====== Records provided ======

lemma phi1_eq_Yflow:
  assumes "x \<noteq> 0"
  shows "phi1 x = Yflow x 1"
proof -
  have "(THE \<gamma>. \<gamma> 0 = x \<and> (\<forall>t. (\<gamma> has_vector_derivative Yfield (\<gamma> t)) (at t))) = Yflow x"
  proof (rule the_equality)
    show "Yflow x 0 = x \<and> (\<forall>t. (Yflow x has_vector_derivative Yfield (Yflow x t)) (at t))"
      using assms Yflow_has_vector_derivative by (simp add: Yflow_def hyp_translation_zero)
  next
    fix \<gamma> assume "\<gamma> 0 = x \<and> (\<forall>t. (\<gamma> has_vector_derivative Yfield (\<gamma> t)) (at t))"
    thus "\<gamma> = Yflow x" using integral_curve_Yfield_eq_Yflow[OF assms] by blast
  qed
  thus ?thesis by (simp add: phi1_def)
qed

lemma tanh_double_artanh:
  fixes y :: real assumes "\<bar>y\<bar> < 1"
  shows "tanh (2 * artanh y) = 2 * y / (1 + y^2)"
proof -
  define v where "v = ((1 + y) / (1 - y))^2"
  have v: "v > 0" using assms by (auto simp: v_def abs_less_iff)
  have "- 2 * (2 * artanh y) = - ln v"
    using assms by (simp add: artanh_def v_def ln_realpow)
  hence e: "exp (- 2 * (2 * artanh y)) = inverse v" using v by (simp add: exp_minus)
  have "tanh (2 * artanh y) = (v - 1) / (v + 1)"
    using v unfolding tanh_real_altdef e by (simp add: divide_simps)
  also have "\<dots> = 2 * y / (1 + y^2)"
  proof -
    have "1 - y > 0" "1 + y > 0" "1 + y^2 > 0" using assms by (auto simp: abs_less_iff add_pos_nonneg)
    thus ?thesis by (simp add: v_def divide_simps) (simp add: algebra_simps power2_eq_square)
  qed
  finally show ?thesis .
qed

lemma P2_eq_Yflow:
  assumes "cmod x = r" "r > 1"
  shows "P2 x = Yflow x (r * artanh (1 / r))"
proof -
  have "tanh (2 / r * (r * artanh (1 / r))) = 2 * r / (1 + r^2)"
    using assms(2) tanh_double_artanh[of "1 / r"] by (simp add: field_simps power2_eq_square)
  thus ?thesis using assms by (simp add: P2_eq_hyp_translation Yflow_def)
qed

======

Task goal: Please give the number of lines in the data above that include the string "thesis", and nothing else.

Answer space: 4